5:9 – behold, the Judge is standing at the doors.

These references speak of the immediacy of the coming in judgment of the Lord for those addressed then. Peter, in his two epistles, also writes to the dispersed disciples who were already suffering from the tumults of the time. Employing the Hebrew literary style, he writes using their cataclysmic literal descriptions of the overthrow and change of religious, social, and national systems. We shall list some of his references.

1 Peter 1:5 – for a salvation ready to be revealed in the last time.

1:7 – at the revelation of Jesus Christ

1:13 – the grace that is coming to you at the revelation of Jesus Christ.

4:5 – who is ready to judge the living and the dead.

4:7 – The end of all things is at hand; keep sober and sane, etc.

4:12-13 – ..rejoice and be glad when his glory is revealed.

4:17-19 – ..the time has come for judgment to begin.

5:1 – ..a partaker in the glory that is to be revealed.

5:4 – And when the chief Shepherd is manifested.

5:10 – And after you have suffered a little while.

2 Peter 3:3-4 – ..scoffers will come in the last days…where is the promise of his coming?

3:7, 10f – being kept until the day of judgment and destruction …the day of the Lord will come like a thief… waiting for and hastening the coming of the day of God.
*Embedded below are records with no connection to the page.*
lemma coupling_upper_bound:
  fixes y b \<theta> :: "'a::real_inner"
  assumes "0 \<le> a" and "0 \<le> \<rho>" and "0 < lam"
    and poincare: "lam * (norm y)\<^sup>2 \<le> (norm \<theta>)\<^sup>2"
  shows "- a * (norm b)\<^sup>2 + (norm \<theta>)\<^sup>2 + \<rho> * (\<eta> * inner y b + \<eta>\<^sup>2 / 2 * (norm b)\<^sup>2 + 1/2 * (norm y)\<^sup>2)
    \<le> (1 + \<rho> * (\<bar>\<eta>\<bar> + \<eta>\<^sup>2) / 2 + \<rho> * (\<bar>\<eta>\<bar> + 1) / (2 * lam)) * ((norm b)\<^sup>2 + (norm \<theta>)\<^sup>2)"
proof -
  have "\<eta> * inner y b \<le> \<bar>\<eta>\<bar> * \<bar>inner y b\<bar>"
    by (metis abs_ge_self abs_mult)
  also have "\<dots> \<le> \<bar>\<eta>\<bar> * (((norm y)\<^sup>2 + (norm b)\<^sup>2) / 2)"
    by (intro mult_left_mono abs_inner_le_half_sum_squares) simp
  finally have "\<rho> * (\<eta> * inner y b) \<le> \<rho> * (\<bar>\<eta>\<bar> * (((norm y)\<^sup>2 + (norm b)\<^sup>2) / 2))"
    using \<open>0 \<le> \<rho>\<close> by (rule mult_left_mono)
  then have "- a * (norm b)\<^sup>2 + (norm \<theta>)\<^sup>2 + \<rho> * (\<eta> * inner y b + \<eta>\<^sup>2 / 2 * (norm b)\<^sup>2 + 1/2 * (norm y)\<^sup>2)
      \<le> - a * (norm b)\<^sup>2 + (norm \<theta>)\<^sup>2 + \<rho> * (\<bar>\<eta>\<bar> + \<eta>\<^sup>2) / 2 * (norm b)\<^sup>2
        + \<rho> * (\<bar>\<eta>\<bar> + 1) / 2 * (norm y)\<^sup>2"
    by (simp add: algebra_simps add_divide_distrib)
  also have "\<dots> \<le> (norm \<theta>)\<^sup>2 + \<rho> * (\<bar>\<eta>\<bar> + \<eta>\<^sup>2) / 2 * (norm b)\<^sup>2
        + \<rho> * (\<bar>\<eta>\<bar> + 1) / (2 * lam) * (norm \<theta>)\<^sup>2"
  proof -
    have "(norm y)\<^sup>2 \<le> (norm \<theta>)\<^sup>2 / lam"
      using poincare \<open>0 < lam\<close> by (simp add: pos_le_divide_eq mult.commute)
    then have "\<rho> * (\<bar>\<eta>\<bar> + 1) / 2 * (norm y)\<^sup>2 \<le> \<rho> * (\<bar>\<eta>\<bar> + 1) / 2 * ((norm \<theta>)\<^sup>2 / lam)"
      using \<open>0 \<le> \<rho>\<close> by (intro mult_left_mono) auto
    moreover have "0 \<le> a * (norm b)\<^sup>2"
      using \<open>0 \<le> a\<close> by simp
    ultimately show ?thesis
      by simp
  qed
  also have "\<dots> \<le> (1 + \<rho> * (\<bar>\<eta>\<bar> + \<eta>\<^sup>2) / 2 + \<rho> * (\<bar>\<eta>\<bar> + 1) / (2 * lam)) * ((norm b)\<^sup>2 + (norm \<theta>)\<^sup>2)"
  proof -
    have ineq: "t + P * s + Q * t \<le> (1 + P + Q) * (s + t)" if "0 \<le> P" "0 \<le> Q" "0 \<le> s" "0 \<le> t" for P Q s t :: real
      using that mult_nonneg_nonneg[of Q s] mult_nonneg_nonneg[of P t] by (simp add: algebra_simps)
    show ?thesis
      by (rule ineq) (use assms in simp_all)
  qed
  finally show ?thesis .
qed

lemma cross_term_bound:
  fixes B :: "'a::real_inner \<Rightarrow> 'a"
  assumes "linear B" and poincare: "\<And>x. lam * (norm (B x))\<^sup>2 \<le> (norm x)\<^sup>2" and "0 < lam"
  shows "\<bar>inner (B (b - \<alpha> *\<^sub>R a)) q\<bar> \<le> (4 / lam + 1) * ((norm (b + \<alpha> *\<^sub>R a))\<^sup>2 + (norm q)\<^sup>2 + (norm b)\<^sup>2)"
proof -
  have eq: "2 *\<^sub>R b - (b + \<alpha> *\<^sub>R a) = b - \<alpha> *\<^sub>R a"
    by (simp add: algebra_simps scaleR_2)
  have "norm (b - \<alpha> *\<^sub>R a) \<le> norm (2 *\<^sub>R b) + norm (b + \<alpha> *\<^sub>R a)"
    using norm_triangle_ineq4[of "2 *\<^sub>R b" "b + \<alpha> *\<^sub>R a"] unfolding eq .
  then have "norm (b - \<alpha> *\<^sub>R a) \<le> 2 * norm b + norm (b + \<alpha> *\<^sub>R a)"
    by simp
  then have "(norm (b - \<alpha> *\<^sub>R a))\<^sup>2 \<le> (2 * norm b + norm (b + \<alpha> *\<^sub>R a))\<^sup>2"
    by (simp add: power_mono)
  also have "\<dots> \<le> 8 * (norm b)\<^sup>2 + 2 * (norm (b + \<alpha> *\<^sub>R a))\<^sup>2"
    using zero_le_square[of "2 * norm b - norm (b + \<alpha> *\<^sub>R a)"] by (simp add: power2_eq_square algebra_simps)
  finally have "(norm (B (b - \<alpha> *\<^sub>R a)))\<^sup>2 \<le> (8 * (norm b)\<^sup>2 + 2 * (norm (b + \<alpha> *\<^sub>R a))\<^sup>2) / lam"
    using poincare[of "b - \<alpha> *\<^sub>R a"] \<open>0 < lam\<close> by (simp add: pos_le_divide_eq mult.commute)
  then have "((norm (B (b - \<alpha> *\<^sub>R a)))\<^sup>2 + (norm q)\<^sup>2) / 2
      \<le> ((8 * (norm b)\<^sup>2 + 2 * (norm (b + \<alpha> *\<^sub>R a))\<^sup>2) / lam + (norm q)\<^sup>2) / 2"
    by (intro divide_right_mono add_right_mono) simp_all
  with abs_inner_le_half_sum_squares
  have "\<bar>inner (B (b - \<alpha> *\<^sub>R a)) q\<bar> \<le> ((8 * (norm b)\<^sup>2 + 2 * (norm (b + \<alpha> *\<^sub>R a))\<^sup>2) / lam + (norm q)\<^sup>2) / 2"
    by (rule order_trans)
  also have "\<dots> \<le> (4 / lam + 1) * ((norm (b + \<alpha> *\<^sub>R a))\<^sup>2 + (norm q)\<^sup>2 + (norm b)\<^sup>2)"
    using \<open>0 < lam\<close> by (simp add: field_simps)
  finally show ?thesis .
qed

lemma perturbed_form_equivalence:
  fixes L I S m M C \<epsilon> c :: real
  assumes "0 \<le> S" "0 < m" and lower: "m * S \<le> L" and upper: "L \<le> M * S"
    and perturbation: "\<bar>I\<bar> \<le> C * S"
    and small: "C * \<epsilon>\<^sup>2 \<le> m / 2" "\<epsilon>\<^sup>2 \<le> 1"
    and c: "2 / m \<le> c" "2 * (M + C) \<le> c"
  shows "1/2 * S / c \<le> L - \<epsilon>\<^sup>2 * I \<and> L - \<epsilon>\<^sup>2 * I \<le> c * (1/2 * S)"
proof
  have "\<bar>\<epsilon>\<^sup>2 * I\<bar> \<le> \<epsilon>\<^sup>2 * (C * S)"
    using perturbation by (simp add: abs_mult mult_left_mono)
  moreover have "\<epsilon>\<^sup>2 * (C * S) \<le> m / 2 * S"
    using mult_right_mono[OF small(1) \<open>0 \<le> S\<close>] by (simp add: ac_simps)
  moreover have "\<epsilon>\<^sup>2 * (C * S) \<le> C * S"
    using mult_right_mono[OF small(2), of "C * S"] perturbation by simp
  moreover have "1/2 * S / c \<le> m / 2 * S"
  proof -
    have "0 < 2 / m"
      using \<open>0 < m\<close> by simp
    then have "0 < c"
      using c(1) by linarith
    then have "1 / c \<le> m / 2"
      using c(1) \<open>0 < m\<close> by (simp add: field_simps)
    then have "1 / c * (S / 2) \<le> m / 2 * (S / 2)"
      by (rule mult_right_mono) (use \<open>0 \<le> S\<close> in simp)
    also have "\<dots> \<le> m / 2 * S"
      using \<open>0 \<le> S\<close> \<open>0 < m\<close> by (simp add: mult_left_mono)
    finally show ?thesis
      by simp
  qed
  moreover have "(M + C) * S \<le> c * (1/2 * S)"
    using mult_right_mono[OF c(2) \<open>0 \<le> S\<close>] by (simp add: ring_distribs mult.assoc mult.left_commute)
  ultimately show "1/2 * S / c \<le> L - \<epsilon>\<^sup>2 * I" "L - \<epsilon>\<^sup>2 * I \<le> c * (1/2 * S)"
    using lower upper by (simp_all add: algebra_simps abs_le_iff)
qed

lemma coupling_margin_exists:
  fixes \<alpha> \<mu> \<rho> \<eta> lam :: real
  assumes "0 < \<alpha>" "0 \<le> \<mu>" "0 < \<rho>" "0 < lam"
    and h1: "\<eta>\<^sup>2 > \<mu> / (\<alpha> * lam)"
    and h2: "\<rho> > 2 * \<mu> * lam / (\<alpha> * \<eta>\<^sup>2 * lam - \<mu>)"
  shows "\<exists>\<kappa>>0. \<kappa> \<le> 1/2 \<and> 0 < \<rho> * \<eta>\<^sup>2 / 2 - \<mu> / \<alpha> - \<kappa>
    \<and> (\<rho> * \<eta>)\<^sup>2 \<le> 4 * (\<rho> * \<eta>\<^sup>2 / 2 - \<mu> / \<alpha> - \<kappa>) * ((1 - \<kappa>) * lam + \<rho> / 2)"
proof -
  \<comment> \<open>At \<open>\<kappa> = 0\<close> both conditions hold strictly by h1 and h2; they persist for small
    \<open>\<kappa> > 0\<close> by continuity.\<close>
  define X0 where "X0 = \<rho> * \<eta>\<^sup>2 / 2 - \<mu> / \<alpha>"
  define f where "f \<kappa> = 4 * (X0 - \<kappa>) * ((1 - \<kappa>) * lam + \<rho> / 2) - (\<rho> * \<eta>)\<^sup>2" for \<kappa>
  have "0 < \<alpha> * \<eta>\<^sup>2 * lam - \<mu>"
    using h1 assms(1,4) by (simp add: pos_divide_less_eq mult.commute mult.left_commute)
  then have h2': "2 * \<mu> * lam < \<rho> * (\<alpha> * \<eta>\<^sup>2 * lam - \<mu>)"
    using h2 by (simp add: pos_divide_less_eq mult.commute)
  have "f 0 = 2 / \<alpha> * (\<rho> * (\<alpha> * \<eta>\<^sup>2 * lam - \<mu>) - 2 * \<mu> * lam)"
    unfolding f_def X0_def using \<open>0 < \<alpha>\<close> by (simp add: field_simps power2_eq_square)
  then have "0 < f 0"
    using h2' \<open>0 < \<alpha>\<close> by simp
  have "0 < X0"
  proof -
    have "2 * \<mu> * lam < \<rho> * (\<alpha> * \<eta>\<^sup>2 * lam) - \<rho> * \<mu>"
      using h2' by (simp add: right_diff_distrib)
    moreover have "0 \<le> \<rho> * \<mu>"
      using \<open>0 < \<rho>\<close> \<open>0 \<le> \<mu>\<close> by simp
    ultimately have "(2 * \<mu>) * lam < (\<rho> * \<alpha> * \<eta>\<^sup>2) * lam"
      by (simp add: ac_simps)
    then have "2 * \<mu> < \<rho> * \<alpha> * \<eta>\<^sup>2"
      using \<open>0 < lam\<close> by simp
    then show ?thesis
      unfolding X0_def using \<open>0 < \<alpha>\<close> by (simp add: field_simps)
  qed
  have "(f \<longlongrightarrow> f 0) (at_right 0)"
    unfolding f_def by (intro tendsto_eq_intros) auto
  then have "\<forall>\<^sub>F \<kappa> in at_right 0. 0 < f \<kappa>"
    using \<open>0 < f 0\<close> by (rule order_tendstoD(1))
  moreover have "\<forall>\<^sub>F \<kappa> in at_right 0. \<kappa> < X0"
    using order_tendstoD(2)[OF tendsto_ident_at \<open>0 < X0\<close>] .
  moreover have "\<forall>\<^sub>F \<kappa> in at_right 0. \<kappa> < (1/2 :: real)"
    using order_tendstoD(2)[OF tendsto_ident_at[of "0::real" "{0<..}"], of "1/2"] by simp
  ultimately have "\<forall>\<^sub>F \<kappa> in at_right 0. 0 < f \<kappa> \<and> \<kappa> < X0 \<and> \<kappa> < 1/2"
    by eventually_elim simp
  then obtain b where "0 < b" and b: "\<And>\<kappa>. 0 < \<kappa> \<Longrightarrow> \<kappa> < b \<Longrightarrow> 0 < f \<kappa> \<and> \<kappa> < X0 \<and> \<kappa> < 1/2"
    unfolding eventually_at_right_field by auto
  show ?thesis
    using b[of "b / 2"] \<open>0 < b\<close> by (intro exI[of _ "b / 2"]) (auto simp: f_def X0_def)
qed

lemma small_square_exists:
  fixes C r :: real
  assumes "0 < r"
  shows "\<exists>\<epsilon>\<^sub>0>0. \<forall>\<epsilon>. 0 < \<epsilon> \<longrightarrow> \<epsilon> < \<epsilon>\<^sub>0 \<longrightarrow> C * \<epsilon>\<^sup>2 < r \<and> \<epsilon>\<^sup>2 < 1"
proof -
  have square_lim: "((\<lambda>\<epsilon>. \<epsilon>\<^sup>2) \<longlongrightarrow> 0) (at_right (0::real))"
    using tendsto_power[OF tendsto_ident_at[of "0::real" "{0<..}"], of 2] by simp
  have "\<forall>\<^sub>F \<epsilon> in at_right 0. C * \<epsilon>\<^sup>2 < r"
    using order_tendstoD(2)[OF tendsto_mult_right_zero[OF square_lim, of C] \<open>0 < r\<close>] .
  moreover have "\<forall>\<^sub>F \<epsilon> in at_right 0. \<epsilon>\<^sup>2 < (1::real)"
    using order_tendstoD(2)[OF square_lim] by simp
  ultimately have "\<forall>\<^sub>F \<epsilon> in at_right 0. C * \<epsilon>\<^sup>2 < r \<and> \<epsilon>\<^sup>2 < 1"
    by (rule eventually_conj)
  then show ?thesis
    unfolding eventually_at_right_field by auto
qed

lemma norm1_inv_sqrt:
  assumes "is_inv_sqrt A D B"
  shows "norm1 B (B x) = norm x"
proof -
  have "inj B"
    using assms unfolding is_inv_sqrt_def by (metis injI)
  then show ?thesis
    by (simp add: norm1_def)
qed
3:14 – …since you wait for these…

The Last Hour

John adds his assurances, “And the world passes away, and the lust of it; but he who does the will of God abides forever. Children, it is the last hour; and as you have heard that antichrist is coming, so now many antichrists have come; therefore we know that it is the last hour (1 John 2:17-18). “And now, little children, abide in him, so that when he appears we may have confidence and not shrink from him in shame at this coming” (2:28). “..we know that when he appears we shall be like him, for we shall see him as he is” (3:2).

To the seven churches of Asia, John related a message given to him by the Spirit. It was “The revelation of Jesus Christ, which God gave to him to show to his servants what must soon take place. … for the time is near” (Rev, 1:1, 3). “He is coming with the clouds, and every eye shall see him, every one who pierced him; and all the tribes of the earth will wail on account of him” (1:7) It would be in the lifetime of those who put him to death and in retribution for their deed. The parousia would be a judgment against the evils in the seven churches of Asia. If it referred to things hundreds of years in the future, it would have been meaningless to them for those churches are not in existence. “I will come to you soon..”, “..hold fast what you have, until I come”, and “I will come like a thief..” (2:16, 25; 3:4).

22:6 – ..what must soon take place.

22:7 – ..And behold, I am coming soon.

22:12 – Behold, I am coming soon, bringing my recompense, to repay every one for what he has done.

22:20 – He who testifies to these things says, “Surely I am coming soon.” Amen. Come, Lord Jesus!

Here I have scanned references in the epistles regarding the immediacy of the return of Christ as set forth by James Stuart Russell in his book, The Parousia, I have not interrelated these references as he has in his book published in 1878. To order the book for further study, check details in the article in the last issue.

Even if we say that some of the many references in these two articles refer to other comings, we have to admit in all honesty that most of them definitely and unquestionably speak of the imminence, immediacy, and expectancy of his coming in the generation of both the writers and those addressed.

Were Jesus and the writers deceived, or deceiving? Were Jesus’ plans thwarted by some circumstance? If so, can we believe anything else he taught and promised us? Where did he tell of a delay of two millennia or more in fulfilling his plans?

What, other than our pride, can be lost by a restudy of these matters? If you already have satisfactory answers, then skip this class! So far, I have offered few opinions but have tried to state what others have taught about the preterist views of prophecy. If the Lord wills, in the next installment, I will touch on some of the explanations that have been offered relating to the coming of the Lord, his administering judgment, and the resurrection all involved with the last days culminating in A.D. 70. I will still leave things open-ended for you to reach your own conclusions.